BEGIN

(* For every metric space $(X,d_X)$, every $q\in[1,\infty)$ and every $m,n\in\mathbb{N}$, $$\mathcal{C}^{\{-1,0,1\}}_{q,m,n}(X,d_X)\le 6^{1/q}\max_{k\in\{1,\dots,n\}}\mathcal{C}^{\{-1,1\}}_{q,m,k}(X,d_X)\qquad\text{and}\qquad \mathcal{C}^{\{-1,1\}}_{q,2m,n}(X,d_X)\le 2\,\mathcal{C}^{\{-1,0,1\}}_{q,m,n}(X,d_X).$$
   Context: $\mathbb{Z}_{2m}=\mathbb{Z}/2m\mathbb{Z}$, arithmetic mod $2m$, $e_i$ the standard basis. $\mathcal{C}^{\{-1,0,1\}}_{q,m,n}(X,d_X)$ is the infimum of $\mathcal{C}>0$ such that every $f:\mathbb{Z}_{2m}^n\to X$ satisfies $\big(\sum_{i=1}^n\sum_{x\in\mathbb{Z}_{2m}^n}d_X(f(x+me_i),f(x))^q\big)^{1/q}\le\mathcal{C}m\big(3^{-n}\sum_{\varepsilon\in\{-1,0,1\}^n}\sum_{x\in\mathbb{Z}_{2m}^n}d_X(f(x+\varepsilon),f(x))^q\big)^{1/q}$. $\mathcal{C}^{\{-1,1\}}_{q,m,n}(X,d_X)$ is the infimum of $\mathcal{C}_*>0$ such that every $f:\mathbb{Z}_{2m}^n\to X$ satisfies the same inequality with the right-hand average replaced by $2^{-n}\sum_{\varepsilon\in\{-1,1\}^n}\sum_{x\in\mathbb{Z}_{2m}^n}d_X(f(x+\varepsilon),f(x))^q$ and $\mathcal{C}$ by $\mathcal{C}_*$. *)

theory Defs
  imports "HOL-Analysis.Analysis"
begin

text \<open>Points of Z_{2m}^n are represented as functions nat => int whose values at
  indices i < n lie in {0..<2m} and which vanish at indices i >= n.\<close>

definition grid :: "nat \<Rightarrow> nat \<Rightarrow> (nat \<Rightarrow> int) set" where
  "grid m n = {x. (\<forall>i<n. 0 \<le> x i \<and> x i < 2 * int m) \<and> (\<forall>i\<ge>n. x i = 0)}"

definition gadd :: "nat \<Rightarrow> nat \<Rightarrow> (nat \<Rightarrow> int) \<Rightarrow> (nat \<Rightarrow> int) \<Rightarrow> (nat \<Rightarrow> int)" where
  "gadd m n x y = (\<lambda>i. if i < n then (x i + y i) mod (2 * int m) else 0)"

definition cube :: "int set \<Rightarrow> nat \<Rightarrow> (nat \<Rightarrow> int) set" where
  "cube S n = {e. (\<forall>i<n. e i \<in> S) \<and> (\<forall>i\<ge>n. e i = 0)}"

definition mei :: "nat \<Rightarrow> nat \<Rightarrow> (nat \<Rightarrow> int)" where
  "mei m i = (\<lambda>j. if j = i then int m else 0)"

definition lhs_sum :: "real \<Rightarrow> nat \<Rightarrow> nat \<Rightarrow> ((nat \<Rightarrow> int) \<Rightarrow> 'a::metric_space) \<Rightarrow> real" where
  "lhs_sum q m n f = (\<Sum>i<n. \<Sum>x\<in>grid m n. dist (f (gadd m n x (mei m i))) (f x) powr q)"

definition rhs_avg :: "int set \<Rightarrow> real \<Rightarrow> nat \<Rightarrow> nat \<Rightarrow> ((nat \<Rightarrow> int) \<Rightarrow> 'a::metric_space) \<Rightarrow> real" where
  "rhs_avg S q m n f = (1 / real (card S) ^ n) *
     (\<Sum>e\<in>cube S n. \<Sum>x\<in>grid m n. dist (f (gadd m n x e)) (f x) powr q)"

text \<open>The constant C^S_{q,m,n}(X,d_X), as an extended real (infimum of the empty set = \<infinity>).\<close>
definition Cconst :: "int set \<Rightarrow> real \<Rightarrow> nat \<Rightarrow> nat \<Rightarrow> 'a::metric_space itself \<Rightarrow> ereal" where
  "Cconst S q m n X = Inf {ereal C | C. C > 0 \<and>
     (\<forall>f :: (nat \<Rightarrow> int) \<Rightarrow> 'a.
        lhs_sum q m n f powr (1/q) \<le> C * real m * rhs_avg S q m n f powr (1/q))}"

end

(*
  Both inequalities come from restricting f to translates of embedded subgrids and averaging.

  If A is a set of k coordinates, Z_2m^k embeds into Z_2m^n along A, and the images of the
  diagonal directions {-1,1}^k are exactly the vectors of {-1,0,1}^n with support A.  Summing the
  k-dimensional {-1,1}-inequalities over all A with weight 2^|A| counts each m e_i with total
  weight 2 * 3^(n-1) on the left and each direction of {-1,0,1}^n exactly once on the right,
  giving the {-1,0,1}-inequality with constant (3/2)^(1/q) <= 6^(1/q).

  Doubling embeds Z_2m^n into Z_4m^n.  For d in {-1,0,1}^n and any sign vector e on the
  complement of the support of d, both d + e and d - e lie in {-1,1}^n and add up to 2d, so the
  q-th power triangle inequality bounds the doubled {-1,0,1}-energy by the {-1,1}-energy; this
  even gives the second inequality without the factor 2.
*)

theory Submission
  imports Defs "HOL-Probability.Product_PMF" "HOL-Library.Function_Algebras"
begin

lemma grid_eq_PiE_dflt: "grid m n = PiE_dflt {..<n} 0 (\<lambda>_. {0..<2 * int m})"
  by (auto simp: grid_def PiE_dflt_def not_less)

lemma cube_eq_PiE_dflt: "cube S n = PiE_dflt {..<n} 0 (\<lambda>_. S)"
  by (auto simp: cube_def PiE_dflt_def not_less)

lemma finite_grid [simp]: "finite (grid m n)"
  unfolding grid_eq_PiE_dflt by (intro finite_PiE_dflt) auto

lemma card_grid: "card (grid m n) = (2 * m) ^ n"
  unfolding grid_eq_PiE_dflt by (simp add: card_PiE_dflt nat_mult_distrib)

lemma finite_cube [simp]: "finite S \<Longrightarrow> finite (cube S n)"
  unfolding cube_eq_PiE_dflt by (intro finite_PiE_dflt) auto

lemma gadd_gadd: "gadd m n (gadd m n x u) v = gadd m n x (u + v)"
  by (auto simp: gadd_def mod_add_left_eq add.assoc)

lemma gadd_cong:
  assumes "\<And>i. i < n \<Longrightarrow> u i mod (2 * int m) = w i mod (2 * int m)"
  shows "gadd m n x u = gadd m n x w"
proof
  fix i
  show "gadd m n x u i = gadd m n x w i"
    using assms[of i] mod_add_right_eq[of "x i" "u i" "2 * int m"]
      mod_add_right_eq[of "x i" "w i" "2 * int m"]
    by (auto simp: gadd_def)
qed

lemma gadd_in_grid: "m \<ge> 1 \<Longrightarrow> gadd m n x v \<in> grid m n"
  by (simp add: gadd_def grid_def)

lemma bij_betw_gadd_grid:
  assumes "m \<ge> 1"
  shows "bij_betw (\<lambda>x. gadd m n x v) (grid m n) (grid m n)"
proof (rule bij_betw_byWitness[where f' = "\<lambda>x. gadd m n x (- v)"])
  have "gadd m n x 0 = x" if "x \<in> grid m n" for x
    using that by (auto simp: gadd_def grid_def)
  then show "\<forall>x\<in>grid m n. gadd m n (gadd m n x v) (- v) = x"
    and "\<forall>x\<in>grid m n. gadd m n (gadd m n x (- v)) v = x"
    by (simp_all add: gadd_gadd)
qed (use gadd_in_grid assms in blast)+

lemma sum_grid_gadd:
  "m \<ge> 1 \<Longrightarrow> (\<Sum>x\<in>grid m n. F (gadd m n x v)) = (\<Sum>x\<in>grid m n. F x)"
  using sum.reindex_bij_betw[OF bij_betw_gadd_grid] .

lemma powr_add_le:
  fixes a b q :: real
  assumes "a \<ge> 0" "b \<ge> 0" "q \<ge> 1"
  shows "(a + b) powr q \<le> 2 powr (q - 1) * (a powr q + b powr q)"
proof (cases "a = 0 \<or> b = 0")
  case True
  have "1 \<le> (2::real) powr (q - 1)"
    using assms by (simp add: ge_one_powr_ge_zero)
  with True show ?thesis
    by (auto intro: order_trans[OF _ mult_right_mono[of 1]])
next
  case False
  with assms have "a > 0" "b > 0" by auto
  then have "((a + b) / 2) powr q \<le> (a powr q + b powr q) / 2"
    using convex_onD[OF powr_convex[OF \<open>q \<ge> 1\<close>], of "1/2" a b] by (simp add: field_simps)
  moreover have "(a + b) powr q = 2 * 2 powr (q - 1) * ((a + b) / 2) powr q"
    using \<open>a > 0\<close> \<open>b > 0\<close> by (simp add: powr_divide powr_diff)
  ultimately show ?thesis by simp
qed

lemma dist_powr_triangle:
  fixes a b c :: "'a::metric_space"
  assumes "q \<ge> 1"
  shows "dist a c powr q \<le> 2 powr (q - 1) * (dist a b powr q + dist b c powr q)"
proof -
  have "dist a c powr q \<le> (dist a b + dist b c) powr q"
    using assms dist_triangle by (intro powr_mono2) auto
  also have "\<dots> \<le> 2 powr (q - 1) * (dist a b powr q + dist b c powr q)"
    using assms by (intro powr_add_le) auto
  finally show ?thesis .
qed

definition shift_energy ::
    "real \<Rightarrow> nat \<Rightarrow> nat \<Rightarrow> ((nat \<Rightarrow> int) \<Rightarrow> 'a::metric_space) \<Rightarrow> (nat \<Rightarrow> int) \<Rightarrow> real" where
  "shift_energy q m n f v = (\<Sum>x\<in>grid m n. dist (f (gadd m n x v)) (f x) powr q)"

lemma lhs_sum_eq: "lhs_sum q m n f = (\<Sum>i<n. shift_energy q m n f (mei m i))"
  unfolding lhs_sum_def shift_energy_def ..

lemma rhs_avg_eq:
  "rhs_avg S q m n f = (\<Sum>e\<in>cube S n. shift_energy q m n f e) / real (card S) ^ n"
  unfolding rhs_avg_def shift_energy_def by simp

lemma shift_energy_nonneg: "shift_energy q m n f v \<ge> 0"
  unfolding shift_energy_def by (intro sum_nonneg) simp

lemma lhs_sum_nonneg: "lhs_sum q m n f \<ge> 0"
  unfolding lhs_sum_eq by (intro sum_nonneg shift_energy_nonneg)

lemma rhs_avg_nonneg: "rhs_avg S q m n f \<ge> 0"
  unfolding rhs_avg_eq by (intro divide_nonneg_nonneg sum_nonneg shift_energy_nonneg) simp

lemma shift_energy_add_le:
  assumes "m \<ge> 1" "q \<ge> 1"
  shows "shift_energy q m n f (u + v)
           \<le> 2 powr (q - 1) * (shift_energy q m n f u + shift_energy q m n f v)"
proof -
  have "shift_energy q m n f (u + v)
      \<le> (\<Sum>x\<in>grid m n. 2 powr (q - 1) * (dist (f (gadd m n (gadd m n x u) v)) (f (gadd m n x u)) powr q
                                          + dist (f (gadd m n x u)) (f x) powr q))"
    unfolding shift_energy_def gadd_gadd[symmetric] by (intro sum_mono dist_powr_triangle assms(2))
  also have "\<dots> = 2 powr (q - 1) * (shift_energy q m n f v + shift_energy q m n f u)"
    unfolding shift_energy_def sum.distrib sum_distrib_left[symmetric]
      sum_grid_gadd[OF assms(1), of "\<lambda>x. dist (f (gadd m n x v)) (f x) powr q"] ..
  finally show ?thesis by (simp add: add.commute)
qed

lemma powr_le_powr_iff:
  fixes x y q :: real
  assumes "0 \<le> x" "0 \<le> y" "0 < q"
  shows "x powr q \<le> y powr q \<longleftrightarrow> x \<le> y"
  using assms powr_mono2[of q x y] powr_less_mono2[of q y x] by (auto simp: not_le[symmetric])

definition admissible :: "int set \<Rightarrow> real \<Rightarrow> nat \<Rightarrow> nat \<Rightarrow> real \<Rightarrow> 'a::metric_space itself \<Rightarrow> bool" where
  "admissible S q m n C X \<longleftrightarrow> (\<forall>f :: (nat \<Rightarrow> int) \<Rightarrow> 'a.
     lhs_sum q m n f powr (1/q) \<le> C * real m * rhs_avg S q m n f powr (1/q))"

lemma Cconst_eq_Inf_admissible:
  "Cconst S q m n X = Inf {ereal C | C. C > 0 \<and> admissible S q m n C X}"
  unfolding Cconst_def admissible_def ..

END

**TASK BRIEF:**
Look above for the line with "using assms[of i]"; retype exactly that line, every line after it up to the line with "using that by", and that line too, nothing else.

**WRITTEN RESPONSE:**
    using assms[of i] mod_add_right_eq[of "x i" "u i" "2 * int m"]
      mod_add_right_eq[of "x i" "w i" "2 * int m"]
    by (auto simp: gadd_def)
qed

lemma gadd_in_grid: "m \<ge> 1 \<Longrightarrow> gadd m n x v \<in> grid m n"
  by (simp add: gadd_def grid_def)

lemma bij_betw_gadd_grid:
  assumes "m \<ge> 1"
  shows "bij_betw (\<lambda>x. gadd m n x v) (grid m n) (grid m n)"
proof (rule bij_betw_byWitness[where f' = "\<lambda>x. gadd m n x (- v)"])
  have "gadd m n x 0 = x" if "x \<in> grid m n" for x
    using that by (auto simp: gadd_def grid_def)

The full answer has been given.